Polizei soll sich als Teil der Stadt zeigen

Der neue Polizeipräsident von Mülheim und Essen ist ein alter Hase: Er kennt den Job im Streifenwagen aus eigener, jahrelanger Erfahrung als Beamter auf Mülheims Straßen, er kennt Mülheim, wo er lebt, und Essen, wo er aufgewachsen ist. Seit 1. April ist Richter Chef von 2200 Polizeibeamten der Doppelbehörde, deren Hauptaufgabe die Erhaltung der öffentlichen Sicherheit ist.

Laut Kriminalitätsstatistik sind Essen und Mülheim sichere Großstädte, nach wie vor. „Es ist schon eine Herausforderung die Zahlen auch so zu halten“, betonte Frank Richter beim Redaktionsbesuch in Mülheim. Er nimmt die mitunter gefühlte Unsicherheit der Menschen durchaus ernst, auch wenn er sagt: „Ich glaube, dass die Schere auseinandergeht, zwischen dem realen Bild und dem, was man in seinem Stadtteil fühlt.“

Kriminalität gebe es nun einmal in jeder Stadt, räumt Richter ein, und temporäre Brennpunkte auch. Doch das Grundvertrauen in die Sicherheit ist für ihn ein unverzichtbares Gut: „Es ist wichtig für die Bürger einer Stadt, das Gefühl zu haben, ich kann hier sicher leben“, betonte er. Der Wohnwert einer Stadt hänge zum großen Teil auch von der gefühlten Sicherheit ab, so Richter.

Daran weiter zu arbeiten, das sieht der Polizeipräsident als eine wichtige Aufgabe an, wobei er gern „noch mehr Leute mit ins Boot holen“ möchte, „um die Städte sicherer zu machen.“ Er nennt die Zusammenarbeit mit städtischen Behörden oder auch Wohnungsbaugesellschaften als Beispiele: „Für den Wohnwert einer Stadt ist die Frage der Sicherheit ein wichtiger Punkt.“ An dem viele aus einer Stadtgesellschaft mitarbeiten könnten und auch sollten.

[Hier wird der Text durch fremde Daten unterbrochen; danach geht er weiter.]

definition assouad_exponent :: "real set \<Rightarrow> real \<Rightarrow> bool" where
  "assouad_exponent F s \<longleftrightarrow> s \<ge> 0 \<and> (\<exists>b>0. \<exists>C>0. \<forall>r R. 0 < r \<and> r < R \<and> R < b \<longrightarrow>
     (\<forall>x\<in>F. real (covering_number r (ball x R \<inter> F)) \<le> C * (R / r) powr s))"

lemma assouad_dim_eqI:
  assumes lower: "\<And>s. assouad_exponent F s \<Longrightarrow> d \<le> s"
    and upper: "\<And>s. d < s \<Longrightarrow> assouad_exponent F s"
  shows "assouad_dim F = d"
proof -
  have dim: "assouad_dim F = Inf (Collect (assouad_exponent F))"
    unfolding assouad_dim_def assouad_exponent_def ..
  have "Collect (assouad_exponent F) \<noteq> {}"
    using upper[of "d + 1"] by auto
  then have "d \<le> Inf (Collect (assouad_exponent F))"
    using lower by (intro cInf_greatest) auto
  moreover have "Inf (Collect (assouad_exponent F)) \<le> d"
  proof (rule field_le_epsilon)
    fix \<epsilon> :: real assume "0 < \<epsilon>"
    have "bdd_below (Collect (assouad_exponent F))"
      by (intro bdd_belowI[of _ 0]) (simp add: assouad_exponent_def)
    with \<open>0 < \<epsilon>\<close> show "Inf (Collect (assouad_exponent F)) \<le> d + \<epsilon>"
      using upper[of "d + \<epsilon>"] by (intro cInf_lower) auto
  qed
  ultimately show ?thesis using dim by simp
qed

section \<open>The ratios of block products\<close>

locale moran_params =
  fixes n :: "nat \<Rightarrow> nat" and c :: "nat \<Rightarrow> real"
  assumes n_ge_2: "\<And>k. k \<ge> 1 \<Longrightarrow> n k \<ge> 2"
    and c_pos: "\<And>k. k \<ge> 1 \<Longrightarrow> c k > 0"
    and n_mult_c_less_1: "\<And>k. k \<ge> 1 \<Longrightarrow> real (n k) * c k < 1"
begin

lemma c_le_half:
  assumes "k \<ge> 1"
  shows "c k \<le> 1 / 2"
proof -
  have "2 * c k \<le> real (n k) * c k"
    using n_ge_2[OF assms] c_pos[OF assms] by (intro mult_right_mono) auto
  then show ?thesis using n_mult_c_less_1[OF assms] by linarith
qed

lemma block_prod_c_pos: "block_prod c k l > 0"
  unfolding block_prod_def by (rule prod_pos) (simp add: c_pos)

lemma block_prod_c_le_half_pow: "block_prod c k l \<le> (1 / 2) ^ l"
proof -
  have "block_prod c k l \<le> (\<Prod>i\<in>{k+1..k+l}. 1 / 2)"
    unfolding block_prod_def using c_le_half c_pos by (intro prod_mono) (auto intro: less_imp_le)
  then show ?thesis by simp
qed

lemma block_prod_c_le_1: "block_prod c k l \<le> 1"
  using block_prod_c_le_half_pow[of k l] power_le_one[of "1 / 2 :: real" l] by linarith

lemma block_prod_n_ge_1: "block_prod n k l \<ge> 1"
  unfolding block_prod_def
proof (rule prod_ge_1)
  fix i assume "i \<in> {k+1..k+l}"
  then show "1 \<le> n i" using n_ge_2[of i] by simp
qed

lemma block_prod_n_le_pow:
  assumes "\<And>i. i \<ge> 1 \<Longrightarrow> n i \<le> N"
  shows "block_prod n k l \<le> N ^ l"
proof -
  have "block_prod n k l \<le> (\<Prod>i\<in>{k+1..k+l}. N)"
    unfolding block_prod_def using assms by (intro prod_mono) auto
  then show ?thesis by simp
qed

lemma block_prod_n_le_middle:
  assumes N: "\<And>i. i \<ge> 1 \<Longrightarrow> n i \<le> N"
  shows "block_prod n k (l1 + l + l2) \<le> N ^ (l1 + l2) * block_prod n (k + l1) l"
proof -
  have "block_prod n k (l1 + l + l2)
      = block_prod n k l1 * block_prod n (k + l1) l * block_prod n (k + l1 + l) l2"
    by (simp add: block_prod_add add.assoc)
  also have "\<dots> \<le> N ^ l1 * block_prod n (k + l1) l * N ^ l2"
    by (intro mult_mono block_prod_n_le_pow[OF N]) auto
  finally show ?thesis by (simp add: power_add mult_ac)
qed

lemma ln_block_prod_n_le: "ln (real (block_prod n k l)) \<le> - ln (block_prod c k l)"
proof -
  have "real (block_prod n k l) * block_prod c k l = (\<Prod>i\<in>{k+1..k+l}. real (n i) * c i)"
    by (simp add: block_prod_def prod.distrib)
  also have "\<dots> \<le> 1"
    by (rule prod_le_1) (simp add: n_mult_c_less_1 c_pos less_imp_le)
  finally have "ln (real (block_prod n k l) * block_prod c k l) \<le> 0"
    using block_prod_c_pos[of k l] block_prod_n_ge_1[of k l] by simp
  then show ?thesis
    using block_prod_c_pos[of k l] block_prod_n_ge_1[of k l] by (simp add: ln_mult)
qed

lemma neg_ln_block_prod_c_ge: "real l * ln 2 \<le> - ln (block_prod c k l)"
proof -
  have "ln (block_prod c k l) \<le> ln ((1 / 2) ^ l)"
    using block_prod_c_le_half_pow block_prod_c_pos by simp
  then show ?thesis by (simp add: ln_realpow ln_div)
qed

definition dim_ratio :: "nat \<Rightarrow> nat \<Rightarrow> real" where
  "dim_ratio k l = ln (real (block_prod n k l)) / - ln (block_prod c k l)"

definition dim_ratio_sup :: "nat \<Rightarrow> real" where
  "dim_ratio_sup l = (SUP k\<in>{1..}. dim_ratio k l)"

lemma dim_ratio_nonneg: "0 \<le> dim_ratio k l"
  unfolding dim_ratio_def using block_prod_n_ge_1 block_prod_c_le_1 block_prod_c_pos
  by (intro divide_nonneg_nonneg) auto

lemma dim_ratio_le_1: "dim_ratio k l \<le> 1"
proof (cases "- ln (block_prod c k l) = 0")
  case False
  moreover have "0 \<le> - ln (block_prod c k l)"
    using block_prod_c_le_1[of k l] block_prod_c_pos[of k l] by simp
  ultimately show ?thesis
    unfolding dim_ratio_def using ln_block_prod_n_le[of k l] by (subst divide_le_eq_1_pos) auto
qed (simp add: dim_ratio_def)

lemma dim_ratio_le_sup: "k \<ge> 1 \<Longrightarrow> dim_ratio k l \<le> dim_ratio_sup l"
  unfolding dim_ratio_sup_def
  by (rule cSUP_upper) (auto intro: bdd_aboveI[of _ 1] simp: dim_ratio_le_1)

lemma dim_ratio_sup_nonneg: "0 \<le> dim_ratio_sup l"
  using dim_ratio_nonneg[of 1 l] dim_ratio_le_sup[of 1 l] by simp

lemma dim_ratio_sup_le_1: "dim_ratio_sup l \<le> 1"
  unfolding dim_ratio_sup_def by (rule cSUP_least) (auto simp: dim_ratio_le_1)

lemma limsup_dim_ratio_sup_real:
  obtains d where "limsup (\<lambda>l. ereal (dim_ratio_sup l)) = ereal d" and "0 \<le> d"
proof -
  have "limsup (\<lambda>l. ereal 0) \<le> limsup (\<lambda>l. ereal (dim_ratio_sup l))"
    by (rule Limsup_mono) (simp add: dim_ratio_sup_nonneg)
  moreover have "limsup (\<lambda>l. ereal (dim_ratio_sup l)) \<le> limsup (\<lambda>l. ereal 1)"
    by (rule Limsup_mono) (simp add: dim_ratio_sup_le_1)
  ultimately show ?thesis
    using that by (cases "limsup (\<lambda>l. ereal (dim_ratio_sup l))") (simp_all add: Limsup_const)
qed

lemma dim_ratio_le_if_block_bound:
  assumes "K > 0" and "l \<ge> 1"
    and bound: "real (block_prod n k l) \<le> K * block_prod c k l powr (-s)"
  shows "dim_ratio k l \<le> s + \<bar>ln K\<bar> / ln 2 / real l"
proof -
  define D where "D = - ln (block_prod c k l)"
  have D: "real l * ln 2 \<le> D" "0 < real l * ln 2"
    unfolding D_def using neg_ln_block_prod_c_ge \<open>l \<ge> 1\<close> by auto
  have "ln (real (block_prod n k l)) \<le> ln (K * block_prod c k l powr (-s))"
    using bound block_prod_n_ge_1[of k l] by simp
  also have "\<dots> = ln K + s * D"
    using \<open>K > 0\<close> block_prod_c_pos[of k l] by (simp add: D_def ln_mult)
  finally have "dim_ratio k l \<le> (ln K + s * D) / D"
    using D by (simp add: dim_ratio_def D_def[symmetric] divide_right_mono)
  also have "\<dots> = s + ln K / D"
    using D by (simp add: field_simps)
  also have "ln K / D \<le> \<bar>ln K\<bar> / (real l * ln 2)"
    using D by (intro frac_le) auto
  finally show ?thesis by (simp add: mult.commute)
qed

Transparenz, auch bei polizeilichen Entscheidungen, ist ein weiterer Aspekt, auf den der Polizeipräsident großen Wert legt. „Ich halte es für wichtig, Transparenz darzustellen.“ Die Polizei sollte sich in bestimmten Bereichen mehr öffnen, meint er. „Mir ist wichtig, dass Polizei sich als Teil dieser Stadt fühlt und das auch nach außen hin zeigt.“

Dass viele seiner Beamten in einer der beiden Städte leben, in denen sie auch Dienst tun, sieht Frank Richter als großen Vorteil an: „Das ist ein weicher Faktor, der aber nicht zu unterschätzen ist.“

Polizeipräsident Richter weiß, dass der Job der Polizei nicht einfacher geworden ist. Er nennt Veränderungen zum Negativen wie Respektlosigkeit gegenüber Polizisten und Rettungskräften, aber auch im Umgang der Menschen miteinander. Dennoch sei der Polizeiberuf nach wie vor attraktiv, was er auch daran festmacht, dass es keinen Mangel an Bewerbern gibt.